Task goal: Return verbatim every line from the first line of the data below to the line that contains "by (fact Q)", inclusive, and no further.

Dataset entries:
==============================

lemma exists_iid_sub_uniform_Min_attaining:
  assumes m: "m \<ge> 1" and x: "0 \<le> x" "x \<le> 1/2"
  shows "\<exists>(M' :: (nat \<Rightarrow> real) measure) P'. prob_space M'
           \<and> prob_space.indep_vars M' (\<lambda>_. borel) P' {..<m}
           \<and> (\<forall>i<m. sub_uniform M' (P' i))
           \<and> (\<forall>i<m. distr M' borel (P' i) = distr M' borel (P' 0))
           \<and> measure M' {w \<in> space M'. (MIN i\<in>{..<m}. P' i w) \<le> x} = 1 - (1 - 2 * x) ^ m"
proof -
  define Q where "Q = PiM {..<m} (\<lambda>_. unif01)"
  define P' where "P' = (\<lambda>i (w :: nat \<Rightarrow> real). collapse_low x (w i))"
  have ne: "{..<m} \<noteq> {}"
    using m by (simp add: lessThan_empty_iff)
  have Q: "prob_space Q"
    unfolding Q_def by (intro prob_space_PiM prob_space_unif01)
  interpret prob_space Q
    by (fact Q)
  have coord: "(\<lambda>w. w i) \<in> borel_measurable Q" "distr Q borel (\<lambda>w. w i) = unif01" if "i < m" for i
  proof -
    have "(\<lambda>w. w i) \<in> measurable Q unif01"
      unfolding Q_def using that by (intro measurable_component_singleton) auto
    then show "(\<lambda>w. w i) \<in> borel_measurable Q"
      by (simp cong: measurable_cong_sets)
    have "distr Q borel (\<lambda>w. w i) = distr Q unif01 (\<lambda>w. w i)"
      by (intro distr_cong) auto
    also have "\<dots> = unif01"
      unfolding Q_def using that by (intro distr_PiM_component prob_space_unif01) auto
    finally show "distr Q borel (\<lambda>w. w i) = unif01" .
  qed
  have "indep_vars (\<lambda>_. unif01) (\<lambda>i w. w i) {..<m}"
    unfolding Q_def using ne by (intro indep_vars_PiM_components prob_space_unif01)
  then have indep: "indep_vars (\<lambda>_. borel) P' {..<m}"
    unfolding P'_def by (rule indep_vars_compose2) simp
  have "distr Q borel (P' i) = distr unif01 borel (collapse_low x)" if "i < m" for i
    using distr_distr[OF collapse_low_measurable[of x] coord(1)[OF that]] coord(2)[OF that]
    by (simp add: P'_def comp_def)
  then have iid: "\<forall>i<m. distr Q borel (P' i) = distr Q borel (P' 0)"
    using m by simp
  have "prob {w \<in> space Q. x < P' i w} = 1 - 2 * x" if "i < m" for i
  proof -
    have "{w \<in> space Q. x < P' i w} = {w \<in> space Q. 2 * x < w i}"
      using x by (auto simp: P'_def collapse_low_def)
    then show ?thesis
      using prob_greater_unif01[OF coord[OF that]] x by simp
  qed
  then have Min: "prob {w \<in> space Q. (MIN i\<in>{..<m}. P' i w) \<le> x} = 1 - (1 - 2 * x) ^ m"
    unfolding prob_Min_le_indep_vars[OF indep finite_lessThan ne] by simp
  have sub: "\<forall>i<m. sub_uniform Q (P' i)"
  proof (intro allI impI)
    fix i assume "i < m"
    show "sub_uniform Q (P' i)"
      unfolding P'_def by (rule sub_uniform_collapse_low[OF coord[OF \<open>i < m\<close>] x])
  qed
  show ?thesis
    by (intro exI[of _ Q] exI[of _ P'] conjI Q indep sub iid Min)
qed

lemma one_minus_power_le_double:
  fixes x :: real
  assumes "0 \<le> x" "x \<le> 1/2"
  shows "1 - (1 - 2 * x) ^ n \<le> 2 * (1 - (1 - x) ^ n)"
proof -
  have "2 * (1 - x) ^ n \<le> 1 + (1 - 2 * x) ^ n"
  proof (induction n)
    case 0
    then show ?case by simp
  next
    case (Suc n)
    have "2 * (1 - x) ^ Suc n \<le> (1 + (1 - 2 * x) ^ n) * (1 - x)"
      using Suc assms by (simp add: mult_right_mono)
    also have "\<dots> \<le> 1 + (1 - 2 * x) ^ Suc n"
      using mult_nonneg_nonneg[of "2 * x" "1 - (1 - 2 * x) ^ n"] assms
      by (simp add: power_le_one algebra_simps)
    finally show ?case .
  qed
  then show ?thesis
    by (simp add: algebra_simps)
qed

lemma lim_one_minus_power_two_root:
  fixes q :: real
  assumes "0 \<le> q" "q < 1"
  shows "(\<lambda>n. 1 - (2 * root n (1 - q) - 1) ^ n) \<longlonglongrightarrow> 2 * q - q\<^sup>2"
proof (cases "q = 0")
  case True
  have "1 - (2 * root n (1 - q) - 1) ^ n = 0" for n
    using True by (cases "n = 0") auto
  then show ?thesis
    using True by simp
next
  case False
  define c where "c = 1 - q"
  have c: "0 < c" "c < 1"
    using assms False by (auto simp: c_def)
  have "(\<lambda>n. 1 - (2 * c powr (1 / real n) - 1) ^ n) \<longlonglongrightarrow> 1 - exp (2 * ln c)"
    using c by real_asymp
  moreover have "exp (2 * ln c) = c\<^sup>2"
    using c by (simp add: exp_of_nat_mult[of 2, simplified] power2_eq_square)
  moreover have "\<forall>\<^sub>F n in sequentially. 1 - (2 * c powr (1 / real n) - 1) ^ n = 1 - (2 * root n c - 1) ^ n"
    using eventually_gt_at_top[of 0] by eventually_elim (use c in \<open>simp add: root_powr_inverse\<close>)
  ultimately have "(\<lambda>n. 1 - (2 * root n c - 1) ^ n) \<longlonglongrightarrow> 1 - c\<^sup>2"
    using Lim_transform_eventually by fastforce
  moreover have "1 - c\<^sup>2 = 2 * q - q\<^sup>2"
    by (simp add: c_def power2_eq_square algebra_simps)
  ultimately show ?thesis
    by (simp add: c_def)
qed

theorem lemma6:
  fixes M :: "'a measure" and P :: "nat \<Rightarrow> 'a \<Rightarrow> real"
    and N :: "'b measure" and U :: "nat \<Rightarrow> 'b \<Rightarrow> real"
    and m :: nat and x :: real
  assumes M: "prob_space M"
    and P_indep: "prob_space.indep_vars M (\<lambda>_. borel) P {..<m}"
    and P_sub: "\<And>i. i < m \<Longrightarrow> sub_uniform M (P i)"
    and N: "prob_space N"
    and U_indep: "prob_space.indep_vars N (\<lambda>_. borel) U {..<m}"
    and U_unif: "\<And>i. i < m \<Longrightarrow> distr N borel (U i) = unif01"
    and m: "m \<ge> 1"
    and x: "0 \<le> x" "x \<le> 1/2"
  shows "let q = 1 - (1 - x) ^ m; B = 1 - (1 - 2 * x) ^ m in
           measure N {w \<in> space N. (MIN i\<in>{..<m}. U i w) \<le> x} = q
         \<and> measure M {w \<in> space M. (MIN i\<in>{..<m}. P i w) \<le> x} \<le> B
         \<and> B = 1 - (2 * root m (1 - q) - 1) ^ m
         \<and> B \<le> 2 * q
         \<and> (\<forall>q'. 0 \<le> q' \<and> q' < 1 \<longrightarrow>
              ((\<lambda>n. 1 - (2 * root n (1 - q') - 1) ^ n) \<longlongrightarrow> 2 * q' - q'^2) sequentially)
         \<and> (\<exists>(M' :: (nat \<Rightarrow> real) measure) P'. prob_space M'
              \<and> prob_space.indep_vars M' (\<lambda>_. borel) P' {..<m}
              \<and> (\<forall>i<m. sub_uniform M' (P' i))
              \<and> (\<forall>i<m. distr M' borel (P' i) = distr M' borel (P' 0))
              \<and> measure M' {w \<in> space M'. (MIN i\<in>{..<m}. P' i w) \<le> x} = B)"
proof -
  have ne: "{..<m} \<noteq> {}"
    using m by (simp add: lessThan_empty_iff)
  have "measure N {w \<in> space N. (MIN i\<in>{..<m}. U i w) \<le> x} = 1 - (1 - x) ^ m"
    using prob_space.prob_Min_le_unif01[OF N U_indep finite_lessThan ne U_unif] x by simp
  moreover have "measure M {w \<in> space M. (MIN i\<in>{..<m}. P i w) \<le> x} \<le> 1 - (1 - 2 * x) ^ m"
    using prob_space.prob_Min_le_sub_uniform[OF M P_indep finite_lessThan ne P_sub x] by simp
  moreover have "2 * root m (1 - (1 - (1 - x) ^ m)) - 1 = 1 - 2 * x"
    using m x by (simp add: real_root_power_cancel)
  ultimately show ?thesis
    unfolding Let_def
    using one_minus_power_le_double[OF x, of m] lim_one_minus_power_two_root
      exists_iid_sub_uniform_Min_attaining[OF m x]
    by auto
qed

end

==============================

Completed exercise:
lemma exists_iid_sub_uniform_Min_attaining:
  assumes m: "m \<ge> 1" and x: "0 \<le> x" "x \<le> 1/2"
  shows "\<exists>(M' :: (nat \<Rightarrow> real) measure) P'. prob_space M'
           \<and> prob_space.indep_vars M' (\<lambda>_. borel) P' {..<m}
           \<and> (\<forall>i<m. sub_uniform M' (P' i))
           \<and> (\<forall>i<m. distr M' borel (P' i) = distr M' borel (P' 0))
           \<and> measure M' {w \<in> space M'. (MIN i\<in>{..<m}. P' i w) \<le> x} = 1 - (1 - 2 * x) ^ m"
proof -
  define Q where "Q = PiM {..<m} (\<lambda>_. unif01)"
  define P' where "P' = (\<lambda>i (w :: nat \<Rightarrow> real). collapse_low x (w i))"
  have ne: "{..<m} \<noteq> {}"
    using m by (simp add: lessThan_empty_iff)
  have Q: "prob_space Q"
    unfolding Q_def by (intro prob_space_PiM prob_space_unif01)
  interpret prob_space Q
    by (fact Q)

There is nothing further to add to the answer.